Most solid tumors exhibit hypoxic conditions inside their mass. Tumor hypoxia originates from disturbed growth of tumors and initiates not only nuclear factor (NF)-κB activation (Koong et al. 1994) but also a cascade of intracellular events engaging hypoxia-inducible factors, HIF-1 and the less well-studied HIF-2 (Duechler and Wilczynski 2010; Powis and Kirkpatrick 2004). Overexpression of HIF-1 has been confirmed in many solid tumors including ovarian, bladder, uterus, breast, colon, brain, pancreatic, renal, and prostate (Talks et al. 2000), and has been found to be associated with worse prognosis (Birner et al. 2001). Hypoxia is not the only factor which triggers HIF-1 activity. Some tumors show constitutive HIF-1 over-activity irrespectively to hypoxic conditions due to inactivation of the von Hippel-Lindau protein (pVHL) gene (Krieg et al. 2000), activation of PI3K/AKT signaling pathway, or mutation of PTEN gene (Zundel et al. 2000). Hypoxia might impede cancer therapy as it increases resistance to radiotherapy and chemotherapy through activation of HIF factors and directly alters the function of tumor cells, stimulating them to de-differentiate and to release angiogenic factors to increase blood and oxygen supply (Holmquist et al. 2006). Tumor hypoxia also promotes malignant progression and metastasis formation and contributes to cancer immune suppression. Inhibitors of HIF-1 have been subjected to preclinical and clinical trials to estimate their usefulness in anti-cancer therapy (Fig. 1).

Fig. 1
figure 1

Targeting the HIF pathway. Under normoxic conditions (right part), HIF-α proteins are marked for degradation by hydroxylation by prolyl hydroxylases (PHD) and ubiquitination mediated by von Hippel-Lindau (VHL). Degradation occurs in the proteasome. Under hypoxia (left part), PHD is inactive, and HIF-α protein accumulates and translocates into the nucleus where it interacts with HIF-β to bind to specific DNA sequences. As a consequence, transcription of target genes is initiated

Full size image

Hypoxia-Inducible Factors

Most human solid tumors contain areas which are not well oxygenated. The adaptation to hypoxic conditions is primarily promoted by two hypoxia-inducible factors (HIF-1 and HIF-2), the master transcription factors controlling the cellular response to low oxygen tension. These transcription factors share pronounced similarities in structure, function and regulation, but are not redundant and serve different functions. HIF-1 and HIF-2 are heterodimeric transcription factors composed from a tightly regulated α-subunit and constitutively expressed β-subunit (aryl hydrocarbon receptor nuclear translocator) (Brahimi-Horn and Pouysségur 2009). The α-subunits are continuously produced, but rapidly degraded under normoxic conditions. During hypoxia they become stabilized and activated. The degradation of an α-subunit is initiated by post-translational prolyl hydroxylation which promotes the interaction of HIF-1/2α protein with pVHL ubiquitin-ligase complex. pVHL then covalently adds an ubiquitin chain which targets the protein for proteasomal degradation. Another oxygen sensing enzyme with a prolyl hydroxylase domain, factor inhibiting HIF, suppresses the interaction of HIF-1 with its cofactor p300/CBP (CREB binding protein) in normoxic conditions (Brahimi-Horn and Pouysségur 2009).

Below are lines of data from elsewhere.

lemma xor_right_cancel_iff_nat: "(a::nat) XOR c = b XOR c \<longleftrightarrow> a = b"
  using xor_left_cancel_iff_nat[of c a b] by (simp add: xor.commute)

lemma xor_less_power: "(a::nat) < 2 ^ k \<Longrightarrow> b < 2 ^ k \<Longrightarrow> a XOR b < 2 ^ k"
  by (metis take_bit_nat_eq_self_iff take_bit_xor)

lemma xor_le_1: "(a::nat) \<le> 1 \<Longrightarrow> b \<le> 1 \<Longrightarrow> a XOR b \<le> 1"
  using xor_less_power[of a 1 b] by simp

lemma xor_sum_wadd:
  assumes "finite a" "finite b"
  shows "xor_sum f (wadd a b) = xor_sum f a XOR xor_sum f b"
proof -
  have a: "a = (a - b) \<union> (a \<inter> b)" and b: "b = (b - a) \<union> (a \<inter> b)" by blast+
  have "xor_sum f a = xor_sum f (a - b) XOR xor_sum f (a \<inter> b)"
    by (subst a, rule xor_sum.union_disjoint) (use assms in auto)
  moreover have "xor_sum f b = xor_sum f (b - a) XOR xor_sum f (a \<inter> b)"
    by (subst b, rule xor_sum.union_disjoint) (use assms in auto)
  moreover have "xor_sum f (wadd a b) = xor_sum f (a - b) XOR xor_sum f (b - a)"
    unfolding wadd_def by (rule xor_sum.union_disjoint) (use assms in auto)
  ultimately show ?thesis
    by (simp add: xor.assoc xor.commute xor.left_commute)
qed

lemma xor_sum_less_power:
  assumes "finite A" "\<And>j. j \<in> A \<Longrightarrow> f j < 2 ^ k"
  shows "xor_sum f A < 2 ^ k"
  using assms by (induction A rule: finite_induct) (simp_all add: xor_less_power)

lemma words_finite: "z \<in> words n \<Longrightarrow> finite z"
  unfolding words_def by (auto intro: finite_subset)

lemma wadd_in_words: "x \<in> words n \<Longrightarrow> y \<in> words n \<Longrightarrow> wadd x y \<in> words n"
  unfolding words_def wadd_def by auto

lemma wadd_wadd_cancel [simp]: "wadd y (wadd y z) = z"
  unfolding wadd_def by auto

lemma wadd_commute: "wadd x y = wadd y x"
  unfolding wadd_def by auto

lemma wadd_self [simp]: "wadd x x = {}"
  unfolding wadd_def by auto

lemma wadd_empty [simp]: "wadd {} z = z" "wadd z {} = z"
  unfolding wadd_def by auto

lemma STS_eq: "STS C y = {w \<in> wadd y ` C. card w = 3}"
  unfolding STS_def hdist_def by (auto simp: wadd_commute)

definition mid_bits :: "nat \<Rightarrow> nat" where
  "mid_bits w = (w div 2) mod 8"

definition onehot :: "nat \<Rightarrow> nat" where
  "onehot u = (if u = 0 then 0 else 2 ^ u)"

lemma mid_bits_less: "mid_bits w < 8"
  by (simp add: mid_bits_def)

lemma mid_bits_xor: "mid_bits (a XOR b) = mid_bits a XOR mid_bits b"
proof -
  have "take_bit 3 (drop_bit 1 (a XOR b)) = take_bit 3 (drop_bit 1 a) XOR take_bit 3 (drop_bit 1 b)"
    by simp
  then show ?thesis by (simp add: take_bit_eq_mod drop_bit_eq_div mid_bits_def)
qed

lemma mid_bits_le_1: "v \<le> 1 \<Longrightarrow> mid_bits v = 0"
  by (auto simp: mid_bits_def le_Suc_eq)

lemma mid_bits_xor_le_1: "v \<le> 1 \<Longrightarrow> mid_bits (a XOR v) = mid_bits a"
  by (simp add: mid_bits_xor mid_bits_le_1)

lemma div_16_xor: "((a::nat) XOR b) div 16 = a div 16 XOR b div 16"
  using drop_bit_xor[of 4 a b] by (simp add: drop_bit_eq_div)

lemma mod_2_xor: "((a::nat) XOR b) mod 2 = a mod 2 XOR b mod 2"
  using take_bit_xor[of 1 a b] by (simp add: take_bit_eq_mod)

lemma label_decomp: "(x::nat) = 16 * (x div 16) + 2 * mid_bits x + x mod 2"
proof -
  have "x mod (2 * 8) = 2 * (x div 2 mod 8) + x mod 2" by (rule mod_mult2_eq)
  then show ?thesis using div_mult_mod_eq[of x 16] by (simp add: mid_bits_def)
qed

lemma eq_le_1_iff: "(c::nat) \<le> 1 \<Longrightarrow> x = c \<longleftrightarrow> x div 16 = 0 \<and> mid_bits x = 0 \<and> x mod 2 = c"
  using label_decomp[of x] by (auto simp: mid_bits_def le_Suc_eq)

lemma label_fields:
  assumes "A < 8" "E \<le> (1::nat)"
  shows "(16 * q + 2 * A + E) div 16 = q" "mid_bits (16 * q + 2 * A + E) = A"
    "(16 * q + 2 * A + E) mod 2 = E"
proof -
  have e: "E = 0 \<or> E = 1" using assms by auto
  have "(16 * q + (2 * A + E)) div 16 = q + (2 * A + E) div 16" by simp
  moreover have "(2 * A + E) div 16 = 0" using assms by simp
  ultimately show "(16 * q + 2 * A + E) div 16 = q" by (simp add: add.assoc)
  have "(16 * q + 2 * A + E) div 2 = 8 * q + A" using e by auto
  then show "mid_bits (16 * q + 2 * A + E) = A" using assms by (simp add: mid_bits_def)
  have "16 * q + 2 * A + E = E + 2 * (8 * q + A)" by simp
  also have "\<dots> mod 2 = E mod 2" by (rule mod_mult_self2)
  finally show "(16 * q + 2 * A + E) mod 2 = E" using e by auto
qed

lemma all_less_8:
  "(\<forall>u::nat<8. P u) \<longleftrightarrow> P 0 \<and> P 1 \<and> P 2 \<and> P 3 \<and> P 4 \<and> P 5 \<and> P 6 \<and> P 7"
proof -
  have "(\<forall>u::nat<8. P u) \<longleftrightarrow> (\<forall>u\<in>{..<8}. P u)" by auto
  then show ?thesis by (simp add: lessThan_nat_numeral lessThan_Suc conj_ac)
qed

section \<open>Switched Hamming codes\<close>

definition syndrome :: "nat set \<Rightarrow> nat" where
  "syndrome z = xor_sum (\<lambda>j. j + 1) z"

definition mid_syndrome :: "nat set \<Rightarrow> nat" where
  "mid_syndrome z = xor_sum (\<lambda>j. onehot (mid_bits (j + 1))) z"

definition switching :: "(nat \<Rightarrow> nat) \<Rightarrow> bool" where
  "switching g \<longleftrightarrow> g 0 = 0 \<and> (\<forall>r. g r \<le> 1)"

definition switched_code :: "nat \<Rightarrow> (nat \<Rightarrow> nat) \<Rightarrow> nat set set" where
  "switched_code n g = {z \<in> words n. syndrome z = g (mid_syndrome z)}"

definition code_triples :: "nat \<Rightarrow> (nat \<Rightarrow> nat) \<Rightarrow> nat set set" where
  "code_triples n g = {b \<in> switched_code n g. card b = 3}"

definition translate_switching :: "(nat \<Rightarrow> nat) \<Rightarrow> nat \<Rightarrow> nat \<Rightarrow> nat" where
  "translate_switching g d r = g (r XOR d) XOR g d"

lemma syndrome_wadd: "finite a \<Longrightarrow> finite b \<Longrightarrow> syndrome (wadd a b) = syndrome a XOR syndrome b"
  unfolding syndrome_def by (rule xor_sum_wadd)

lemma mid_syndrome_wadd:
  "finite a \<Longrightarrow> finite b \<Longrightarrow> mid_syndrome (wadd a b) = mid_syndrome a XOR mid_syndrome b"
  unfolding mid_syndrome_def by (rule xor_sum_wadd)

lemma switching_translate: "switching g \<Longrightarrow> switching (translate_switching g d)"
  unfolding switching_def translate_switching_def by (simp add: xor_le_1 del: One_nat_def)

definition flip :: "nat set \<Rightarrow> nat \<Rightarrow> nat set" where
  "flip x l = (if l = 0 then x else wadd x {l - 1})"

lemma syndrome_flip: "finite x \<Longrightarrow> syndrome (flip x l) = syndrome x XOR l"
  by (simp add: flip_def syndrome_wadd) (simp add: syndrome_def)

lemma mid_syndrome_flip:
  "finite x \<Longrightarrow> mid_syndrome (flip x l) = mid_syndrome x XOR onehot (mid_bits l)"
  by (simp add: flip_def mid_syndrome_wadd) (simp add: mid_syndrome_def mid_bits_def onehot_def)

HIF-1α is not only activated in response to oxygen shortage, but is also stabilized under normoxic conditions by transcriptional and post-transcriptional regulation: (1) upon growth factor signaling the transcription rate of HIF-1α gene is increased which involves activation of protein kinase C and NF-κB; (2) activation of the PI3K/Akt/mTOR/p70S6K pathway for instance by reactive oxygen species increases the translational rate of HIF-1α protein (Semenza 2003); (3) tyrosine kinase transactivation upon receptor stimulation promotes HIF-1 complex activation (Pagé et al. 2008). HIF-1α is also stabilized by inflammatory cytokines (Jung et al. 2003, Gerber and Pober 2008, Zhou et al. 2003), by transforming growth factor β (Abdul-Hafez et al. 2009), by lipopolysaccharide (Nishi et al. 2008), and by stem cell factor in various cell types (Pedersen et al. 2008).

In many human cancers, HIF-1 and/or HIF-2 are constitutively active. The PI3-K/Akt pathway is activated in most human cancers and plays a key role in cell proliferation and survival. Alternatively, loss of proteins which are involved in the degradation of HIF-α subunits results in accumulation of the protein. For example, loss of pVHL is a cause of renal cancer. Cancer-related growth factor signals that induce HIF-1α include human epidermal growth factor receptor 2 and epidermal growth factor (EGF) in breast cancer (Milani and Harris 2008), endothelins in ovarian cancer and melanoma (Grimshaw 2007), prostaglandin E2 in prostate cancer cells (Liu et al. 2002), activated Src in pancreatic and prostate carcinomas (Gray et al. 2005), and interleukin (IL)-4 in transformed intestinal cells (Scharte et al. 2006).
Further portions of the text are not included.